The association between empirical dietary inflammatory pattern and colorectal cancer risk: a case-control study

Zainab Shateri 1, Maede Makhtoomi 2,3, Fatemeh Mansouri 2,4, Milad Rajabzadeh-dehkordi 2,5, Mehran Nouri 2,3,5, Bahram Rashidkhani 6,
PMCID: PMC10666418  PMID: 37996874

Abstract

Background

Colorectal cancer (CRC) is the third most common cancer in Iran. Inflammation plays an essential role in developing CRC. A dietary pattern called the empirical dietary inflammatory pattern (EDIP) has recently been designed based on the inflammatory potential of the diet. Therefore, the present study aimed to investigate the impact of EDIP on the risk of CRC.

Methods

The current case-control study was conducted on 142 controls and 71 CRC cases in three general hospitals and Hospital Cancer Organization in Tehran, Iran. We calculated EDIP by a semi-quantitative food frequency questionnaire. The association between EDIP and CRC were evaluated by logistic regression. The level of significance was p < 0.05.

Results

The results revealed that people who were in the highest tertile of the EDIP had higher odds of CRC (in the adjusted model: odds ratio (OR) = 3.74; 95% confidence interval (CI): 1.38–10.14; P = 0.011).

Conclusion

The present study demonstrated the potential role of dietary-induced inflammation in developing CRC. In the current study, an increase in the intake of red meat, processed meats, and refined grains was observed in the higher EDIP tertiles compared to the lower tertiles. Consequently, to decrease the risk of CRC, it is recommended to reduce the consumption of these foods.

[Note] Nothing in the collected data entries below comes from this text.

(* Let $n,g$ be integers with $0\leq g\leq \lfloor \frac{n-3}{2}\rfloor$, and let $T$ be a tree of order $n$. Then $T$ has an $R_g$-cutset with $\kappa_g(T)=n-2g-2$ if and only if $T$ is of type $T_n^*$ (with respect to $g$).
   Context: All graphs are finite and simple. A tree $T$ of order $n$ is of type $T_n^*$ (with respect to $g$) if it contains a vertex $v$ such that $T-v$ has two connected components with exactly $g+1$ vertices each, and every other connected component of $T-v$ (there may be none) has at most $g$ vertices. Equivalently, $T$ is obtained from two trees $T',T''$ of order $g+1$ and trees $T_1,\ldots,T_r$ ($r\ge 0$) each of order at most $g$ with $\sum_i|V(T_i)|=n-2g-3$, by adding a new vertex $v$ and one edge from $v$ to each of $T',T'',T_1,\ldots,T_r$. A set $S\subseteq V(G)$ is a cutset if $G-S$ is disconnected. For a non-negative integer $g$, a cutset $S$ is an $R_g$-cutset if every connected component of $G-S$ has at least $g+1$ vertices. If $G$ has at least one $R_g$-cutset, the $g$-extra connectivity $\kappa_g(G)$ is the minimum cardinality of an $R_g$-cutset of $G$. *)

theory Defs
  imports Main
begin

definition simple_graph :: "'a set \<Rightarrow> 'a set set \<Rightarrow> bool" where
  "simple_graph V E \<longleftrightarrow> finite V \<and>
     (\<forall>e\<in>E. \<exists>u v. e = {u, v} \<and> u \<noteq> v \<and> u \<in> V \<and> v \<in> V)"

definition adj :: "'a set set \<Rightarrow> 'a \<Rightarrow> 'a \<Rightarrow> bool" where
  "adj E u v \<longleftrightarrow> {u, v} \<in> E"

Keywords: Empirical dietary inflammatory pattern, Dietary inflammatory potential, Dietary inflammation, Colorectal cancer, Iranian

Introduction

Colorectal cancer (CRC) is slow-growing cancer that begins as a tissue growth or tumor in the inner lining of the colon or rectum [1]. CRC is a serious problem in the world’s public health and increasingly affects the population of Asian countries [2]. This is the third most common cancer in Iran [3] and the fourth and third most common in Iranian women and men, respectively [4]. In 2020, 11,942 new cases of CRC were reported in Iran [5].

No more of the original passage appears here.